The opinion of the court was delivered by

Valentine, J.:

This action was originally commenced by Daniel Giltenan against B. W. Lemert, to quiet title to a certain piece of land. Lemert answered, setting up title in himself, and asking for a judgment in his favor for the recovery of said land, and for the possession thereof. The case was afterward tried; judgment was rendered in favor of the defendant; the plaintiff then brought the case to this court, where the judgment of the court below was reversed, and cause remanded for a new trial. (Giltenan v. Lemert, 13 Kas. 476.) A new trial was afterward had, and again judgment was rendered in favor of the defendant for the land; but *11at this time the plaintiff made an application for the benefit of the occupying-claimant law, (Gen. Stat.749, et seq.,) and of section 2 of the act to protect bona fide purchasers of Indian lands. (Laws of 1874, p. 139.) The court below granted the application. And of this the defendant below, who is now plaintiff in error, complains, and seeks by this petition to have the same reversed.
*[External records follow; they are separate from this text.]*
theorem mainTheorem15:
  fixes f1 f2 :: "real \<times> real \<Rightarrow> real" and \<phi> :: "real \<Rightarrow> real" and e :: real
  assumes smooth: "smooth2 f1" "smooth2 f2"
    and gen: "one_generic f1 f2"
    and cusp: "cusp_point f1 f2 (0, 0)"
    and f0: "f1 (0, 0) = 0" "f2 (0, 0) = 0"
    and d0: "dx f1 (0, 0) = 0" "dx f2 (0, 0) = 0" "dy f2 (0, 0) = 0" "dy f1 (0, 0) \<noteq> 0"
    and J0: "dx (jac f1 f2) (0, 0) = 0" "dy (jac f1 f2) (0, 0) \<noteq> 0"
    and e: "e > 0"
    and phi: "smooth1_on {-e<..<e} \<phi>" "\<phi> 0 = 0"
             "\<forall>t\<in>{-e<..<e}. jac f1 f2 (t, \<phi> t) = 0"
  defines "v1 \<equiv> (deriv (deriv (\<lambda>t. f1 (t, \<phi> t))) 0,
                  deriv (deriv (\<lambda>t. f2 (t, \<phi> t))) 0)"
    and "v2 \<equiv> (dx f1 (0, 0) * dx (jac f1 f2) (0, 0) + dy f1 (0, 0) * dy (jac f1 f2) (0, 0),
               dx f2 (0, 0) * dx (jac f1 f2) (0, 0) + dy f2 (0, 0) * dy (jac f1 f2) (0, 0))"
  shows "((\<exists>c>0. v1 = (c * fst v2, c * snd v2)) \<longrightarrow> local_degree f1 f2 = -1) \<and>
         ((\<exists>c<0. v1 = (c * fst v2, c * snd v2)) \<longrightarrow> local_degree f1 f2 = 1)"
proof -
  define a B d where "a = dy f1 (0, 0)" and "B = dy (dx f2) (0, 0)" and "d = cusp_cubic_coeff f1 f2"
  note curve = critical_curve_second_derivatives[OF smooth d0 J0 e phi, folded a_def B_def d_def]
  have v2: "v2 = (- a * a * B, 0)"
    using jac_partials_at_origin(2)[OF smooth d0(1-3)] d0 unfolding v2_def a_def B_def by simp
  have "a * B \<noteq> 0" using J0(2) jac_partials_at_origin(2)[OF smooth d0(1-3)] by (simp add: a_def B_def)
  then have "(a * B)\<^sup>2 > 0" by simp
  have degree: "local_degree f1 f2 = (if c > 0 then -1 else 1)" if "c \<noteq> 0" "v1 = (c * fst v2, c * snd v2)" for c
  proof -
    have "deriv (deriv (\<lambda>t. f1 (t, \<phi> t))) 0 = c * (- a * a * B)" using that(2) by (simp add: v1_def v2)
    then have eq: "c * (a * B)\<^sup>2 = 6 * (a * d)"
      using curve(2) by (simp add: power2_eq_square algebra_simps)
    then have "d \<noteq> 0" using \<open>(a * B)\<^sup>2 > 0\<close> \<open>c \<noteq> 0\<close> by auto
    have "a * d > 0 \<longleftrightarrow> c * (a * B)\<^sup>2 > 0" using eq by linarith
    also have "\<dots> \<longleftrightarrow> c > 0" using \<open>(a * B)\<^sup>2 > 0\<close> by (simp add: zero_less_mult_iff)
    finally have "a * d > 0 \<longleftrightarrow> c > 0" .
    moreover have "local_degree f1 f2 = (if a * d > 0 then -1 else 1)"
      using local_degree_cusp_normal_form[OF smooth f0 d0(1-3) curve(1) d0(4)] \<open>d \<noteq> 0\<close>
      unfolding a_def d_def by blast
    ultimately show ?thesis by simp
  qed
  show ?thesis
  proof (intro conjI impI; elim exE conjE)
    fix c assume "c > 0" "v1 = (c * fst v2, c * snd v2)"
    then show "local_degree f1 f2 = -1" using degree[of c] by simp
  next
    fix c assume "c < 0" "v1 = (c * fst v2, c * snd v2)"
    then show "local_degree f1 f2 = 1" using degree[of c] by simp
  qed
qed

end
(* Let $p$ be an odd prime, $q$ a power of $p$, and $n$ a nonnegative even integer with $p\nmid n$. If $F_n(1,x)$ is a permutation polynomial of $\mathbb{F}_q$, then $n\equiv 0\pmod 4$ and $\gcd\!\left(\lfloor\frac{n-1}{2}\rfloor,\,q-1\right)=1$.
   Context: For an integer $n\ge 1$, the $n$-th reversed Dickson polynomial of the third kind is $F_n(a,x)=\sum_{i=0}^{\lfloor n/2\rfloor}\frac{n-2i}{n-i}\binom{n-i}{i}(-x)^i a^{n-2i}$, where each coefficient $\frac{n-2i}{n-i}\binom{n-i}{i}$ is an integer (read in $\mathbb{F}_q$), and $F_0(a,x)=0$. A polynomial $f\in\mathbb{F}_q[x]$ is a permutation polynomial of $\mathbb{F}_q$ if $c\mapsto f(c)$ is a bijection of $\mathbb{F}_q$. *)

theory Defs
  imports "HOL-Computational_Algebra.Polynomial" "HOL-Computational_Algebra.Primes"
begin

text \<open>Integer coefficient ((n-2i)/(n-i)) * binom(n-i, i) of the reversed Dickson
  polynomial of the third kind (exact division, valid for n \<ge> 1, 2i \<le> n).\<close>
definition rd3_coeff :: "nat \<Rightarrow> nat \<Rightarrow> nat" where
  "rd3_coeff n i = ((n - 2 * i) * ((n - i) choose i)) div (n - i)"

definition rev_dickson3 :: "nat \<Rightarrow> 'a::comm_ring_1 \<Rightarrow> 'a poly" where
  "rev_dickson3 n a =
     (if n = 0 then 0
      else (\<Sum>i\<le>n div 2. smult (of_nat (rd3_coeff n i) * a ^ (n - 2 * i)) ([:0, -1:] ^ i)))"

definition permutation_poly :: "'a::{comm_semiring_0,finite} poly \<Rightarrow> bool" where
  "permutation_poly f \<longleftrightarrow> bij (poly f)"

end

theory Submission
  imports Defs
begin

text \<open>
  For \<open>n \<ge> 1\<close> the value \<open>F\<^sub>n(1,x)\<close> is the diagonal binomial sum
  \<open>E\<^sub>n\<^sub>-\<^sub>1(x) = \<Sum>\<^sub>i C(n-1-i, i) (-x)\<^sup>i\<close>, which satisfies \<open>E\<^sub>k\<^sub>+\<^sub>2 = E\<^sub>k\<^sub>+\<^sub>1 - x E\<^sub>k\<close>.
  Substituting \<open>x = (1 - w)/4\<close> gives \<open>2\<^sup>n\<^sup>-\<^sup>1 F\<^sub>n(1,x) = b\<^sub>n(w)\<close>, where
  \<open>(1 + \<surd>w)\<^sup>n = a\<^sub>n(w) + b\<^sub>n(w) \<surd>w\<close>; so \<open>F\<^sub>n(1,-)\<close> is a permutation iff \<open>b\<^sub>n\<close> is
  injective. For \<open>n = 2m\<close> the polynomial \<open>b\<^sub>n\<close> is self-reciprocal up to a factor:
  \<open>w\<^sup>m b\<^sub>n(1/w) = w b\<^sub>n(w)\<close>. Hence if \<open>b\<^sub>n(w) = 0\<close>, or if \<open>w\<^sup>m\<^sup>-\<^sup>1 = 1\<close>, injectivity
  forces \<open>w = 1/w\<close>, i.e. \<open>w = \<plusminus>1\<close>. Since \<open>b\<^sub>n(0) = n\<close> and \<open>b\<^sub>n(1) = 2\<^sup>n\<^sup>-\<^sup>1\<close> are nonzero,
  the root of \<open>b\<^sub>n\<close> is \<open>-1\<close>, and \<open>b\<^sub>n(-1) \<noteq> 0\<close> for \<open>n \<equiv> 2 (mod 4)\<close>. A common divisor
  \<open>d > 1\<close> of \<open>m - 1\<close> and \<open>q - 1\<close> would give a \<open>d\<close>-th root of unity \<open>w \<noteq> 1\<close>, which must
  then be \<open>-1\<close>, impossible as \<open>d\<close> is odd.
\<close>

definition diag_binomial_sum :: "nat \<Rightarrow> 'a::comm_ring_1 \<Rightarrow> 'a" where
  "diag_binomial_sum k x = (\<Sum>i\<le>k. of_nat ((k - i) choose i) * (-x) ^ i)"

lemma diag_binomial_sum_Suc_Suc:
  "diag_binomial_sum (Suc (Suc k)) x = diag_binomial_sum (Suc k) x - x * diag_binomial_sum k x"
proof -
  have pascal: "of_nat ((Suc (Suc k) - Suc j) choose Suc j) * (-x) ^ Suc j
      = of_nat ((k - j) choose j) * (-x) ^ Suc j + of_nat ((k - j) choose Suc j) * (-x) ^ Suc j"
    for j :: nat
  proof (cases "j \<le> k")
    case True
    then have "Suc (Suc k) - Suc j = Suc (k - j)" by simp
    then show ?thesis by (simp add: distrib_right)
  next
    case False
    then show ?thesis by (cases j) auto
  qed
  have "diag_binomial_sum (Suc (Suc k)) x
      = 1 + (\<Sum>j\<le>Suc k. of_nat ((Suc (Suc k) - Suc j) choose Suc j) * (-x) ^ Suc j)"
    unfolding diag_binomial_sum_def by (subst sum.atMost_Suc_shift) simp
  also have "\<dots> = 1 + (\<Sum>j\<le>Suc k. of_nat ((k - j) choose j) * (-x) ^ Suc j)
       + (\<Sum>j\<le>Suc k. of_nat ((k - j) choose Suc j) * (-x) ^ Suc j)"
    unfolding pascal sum.distrib by (simp only: add.assoc)
  moreover have "(\<Sum>j\<le>Suc k. of_nat ((k - j) choose j) * (-x) ^ Suc j) = - x * diag_binomial_sum k x"
    unfolding diag_binomial_sum_def by (simp add: sum_distrib_left mult_ac)
  moreover have "1 + (\<Sum>j\<le>Suc k. of_nat ((k - j) choose Suc j) * (-x) ^ Suc j)
      = diag_binomial_sum (Suc k) x"
    unfolding diag_binomial_sum_def by (subst (2) sum.atMost_Suc_shift) simp
  ultimately show ?thesis by (simp add: algebra_simps)
qed

lemma rd3_coeff_eq_choose:
  assumes "n \<ge> 1" "i \<le> n div 2"
  shows "rd3_coeff n i = (n - 1 - i) choose i"
proof -
  define a where "a = n - i"
  have a: "a > 0" "n - 2 * i = a - i" "n - 1 - i = a - 1"
    using assms unfolding a_def by auto
  have "(a - i) * (a choose i) = a * ((a - 1) choose i)"
    by (rule binomial_absorb_comp)
  then show ?thesis
    unfolding rd3_coeff_def a_def[symmetric] a using a(1) by simp
qed

lemma poly_rev_dickson3_one:
  assumes "n \<ge> 1"
  shows "poly (rev_dickson3 n (1::'a::comm_ring_1)) x = diag_binomial_sum (n - 1) x"
proof -
  have "poly (rev_dickson3 n (1::'a)) x = (\<Sum>i\<le>n div 2. of_nat ((n - 1 - i) choose i) * (-x) ^ i)"
    using assms unfolding rev_dickson3_def by (simp add: poly_sum rd3_coeff_eq_choose)
  also have "\<dots> = diag_binomial_sum (n - 1) x"
    unfolding diag_binomial_sum_def
  proof (rule sum.mono_neutral_left)
    show "\<forall>i\<in>{..n - 1} - {..n div 2}. of_nat ((n - 1 - i) choose i) * (- x) ^ i = (0::'a)"
    proof
      fix i assume "i \<in> {..n - 1} - {..n div 2}"
      then have "n - 1 - i < i" by auto
      then show "of_nat ((n - 1 - i) choose i) * (- x) ^ i = (0::'a)" by (simp add: binomial_eq_0)
    qed
    show "{..n div 2} \<subseteq> {..n - 1}" using assms by auto
  qed auto
  finally show ?thesis .
qed

text \<open>\<open>pow_one_plus_sqrt k w = (a, b)\<close> encodes \<open>(1 + \<surd>w)\<^sup>k = a + b \<surd>w\<close>.\<close>

fun pow_one_plus_sqrt :: "nat \<Rightarrow> 'a::comm_ring_1 \<Rightarrow> 'a \<times> 'a" where
  "pow_one_plus_sqrt 0 w = (1, 0)"
| "pow_one_plus_sqrt (Suc k) w =
     (fst (pow_one_plus_sqrt k w) + w * snd (pow_one_plus_sqrt k w),
      fst (pow_one_plus_sqrt k w) + snd (pow_one_plus_sqrt k w))"

lemma pow_one_plus_sqrt_Suc_Suc:
  "pow_one_plus_sqrt (Suc (Suc k)) w = (case pow_one_plus_sqrt k w of (a, b) \<Rightarrow>
     ((1 + w) * a + 2 * w * b, 2 * a + (1 + w) * b))"
  by (simp add: split_beta algebra_simps)

lemma snd_pow_one_plus_sqrt_Suc_Suc:
  "snd (pow_one_plus_sqrt (Suc (Suc k)) w)
     = 2 * snd (pow_one_plus_sqrt (Suc k) w) - (1 - w) * snd (pow_one_plus_sqrt k w)"
  by (simp add: algebra_simps)

lemma two_pow_mult_diag_binomial_sum:
  "2 ^ k * diag_binomial_sum k x = snd (pow_one_plus_sqrt (Suc k) (1 - 4 * x))"
proof (induction k rule: induct_nat_012)
  case 0
  then show ?case by (simp add: diag_binomial_sum_def)
next
  case 1
  then show ?case by (simp add: diag_binomial_sum_def)
next
  case (ge2 k)
  have "2 ^ Suc (Suc k) * diag_binomial_sum (Suc (Suc k)) x
      = 2 * (2 ^ Suc k * diag_binomial_sum (Suc k) x) - (4 * x) * (2 ^ k * diag_binomial_sum k x)"
    by (simp add: diag_binomial_sum_Suc_Suc algebra_simps)
  then show ?case
    using ge2.IH by (simp only: snd_pow_one_plus_sqrt_Suc_Suc[of "Suc k"]) simp
qed

lemma two_pow_mult_poly_rev_dickson3_one:
  assumes "n \<noteq> 0"
  shows "2 ^ (n - 1) * poly (rev_dickson3 n (1::'a::comm_ring_1)) x
    = snd (pow_one_plus_sqrt n (1 - 4 * x))"
  using assms two_pow_mult_diag_binomial_sum[of "n - 1" x]
  by (simp add: poly_rev_dickson3_one)

lemma snd_pow_one_plus_sqrt_zero: "snd (pow_one_plus_sqrt k 0) = of_nat k"
proof -
  have "pow_one_plus_sqrt k (0::'a) = (1, of_nat k)"
    by (induction k) auto
  then show ?thesis by simp
qed

lemma snd_pow_one_plus_sqrt_one: "snd (pow_one_plus_sqrt (Suc k) 1) = 2 ^ k"
proof -
  have "pow_one_plus_sqrt (Suc k) (1::'a) = (2 ^ k, 2 ^ k)"
    by (induction k) auto
  then show ?thesis by simp
qed

lemma snd_pow_one_plus_sqrt_minus_one:
  "snd (pow_one_plus_sqrt (4 * j + 2) (-1)) = 2 * (-4) ^ j"
proof (induction j)
  case 0
  then show ?case by (simp add: numeral_eq_Suc)
next
  case (Suc j)
  have "4 * Suc j + 2 = Suc (Suc (Suc (Suc (4 * j + 2))))" by simp
  then show ?case
    using Suc.IH by (simp only: pow_one_plus_sqrt_Suc_Suc split_beta) (simp add: algebra_simps)
qed

lemma pow_one_plus_sqrt_inverse:
  fixes w :: "'a::field"
  assumes "w \<noteq> 0"
  shows "w ^ l * fst (pow_one_plus_sqrt (2 * l) (inverse w)) = fst (pow_one_plus_sqrt (2 * l) w) \<and>
         w ^ l * snd (pow_one_plus_sqrt (2 * l) (inverse w)) = w * snd (pow_one_plus_sqrt (2 * l) w)"
proof (induction l)
  case 0
  then show ?case by simp
next
  case (Suc l)
  obtain a b where ab: "pow_one_plus_sqrt (2 * l) w = (a, b)" by fastforce
  obtain a' b' where ab': "pow_one_plus_sqrt (2 * l) (inverse w) = (a', b')" by fastforce
  have "w ^ l * a' = a" "w ^ l * b' = w * b"
    using Suc.IH by (simp_all add: ab ab')
  then have "a' = a / w ^ l" "b' = w * b / w ^ l"
    using assms by (simp_all add: field_simps)
  moreover have "2 * Suc l = Suc (Suc (2 * l))" by simp
  ultimately show ?case
    using assms by (simp only: pow_one_plus_sqrt_Suc_Suc ab ab' prod.case) (simp add: field_simps)
qed

lemma snd_pow_one_plus_sqrt_inverse:
  fixes w :: "'a::field"
  assumes "w \<noteq> 0"
  shows "w ^ m * snd (pow_one_plus_sqrt (2 * m) (inverse w)) = w * snd (pow_one_plus_sqrt (2 * m) w)"
  using pow_one_plus_sqrt_inverse[OF assms] by blast

lemma finite_field_power_card_minus_one:
  fixes x :: "'a::{field,finite}"
  assumes "x \<noteq> 0"
  shows "x ^ (card (UNIV :: 'a set) - 1) = 1"
proof -
  have "x * (\<Prod>y\<in>UNIV-{0}. x * y) = x * x ^ (card (UNIV :: 'a set) - 1) * \<Prod>(UNIV-{0})"
    by (simp add: prod.distrib mult_ac)
  moreover have "(\<Prod>y\<in>UNIV-{0}. x * y) = (\<Prod>y\<in>UNIV-{0}. y)"
    by (rule prod.reindex_bij_witness[of _ "\<lambda>y. y / x" "\<lambda>y. x * y"]) (use assms in auto)
  moreover have "\<Prod>(UNIV-{0::'a}) \<noteq> 0"
    by (simp add: prod_zero_iff)
  ultimately show ?thesis using assms by simp
qed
Whether said application was rightfully or wrongfully granted, is the only question in the case which we need consider. The facts of the case are substantially as follows: The land in controversy was originally a part of the Osage Indian reserve, and a part of that portion of said reserve which was afterward called the Osage ceded lands. By article 14 of the treaty with the Osage Indians, of September 26th 1865, (14 U. S. Stat. at Large, 689,) it is provided as follows :

“The half-breeds of the Osage tribe of Indians, not to exceed twenty-five in number, who have improvements on the north half of the lands sold to the United States, shall have a patent issued to them, in fee simple, for eighty acres each, to include, as far as practicable, their improvements, said half-breeds to be designated by the chiefs and headmen of the tribe; * * * all of said lands to be selected by the parties, subject to the approval of the Secretary of the Interior.”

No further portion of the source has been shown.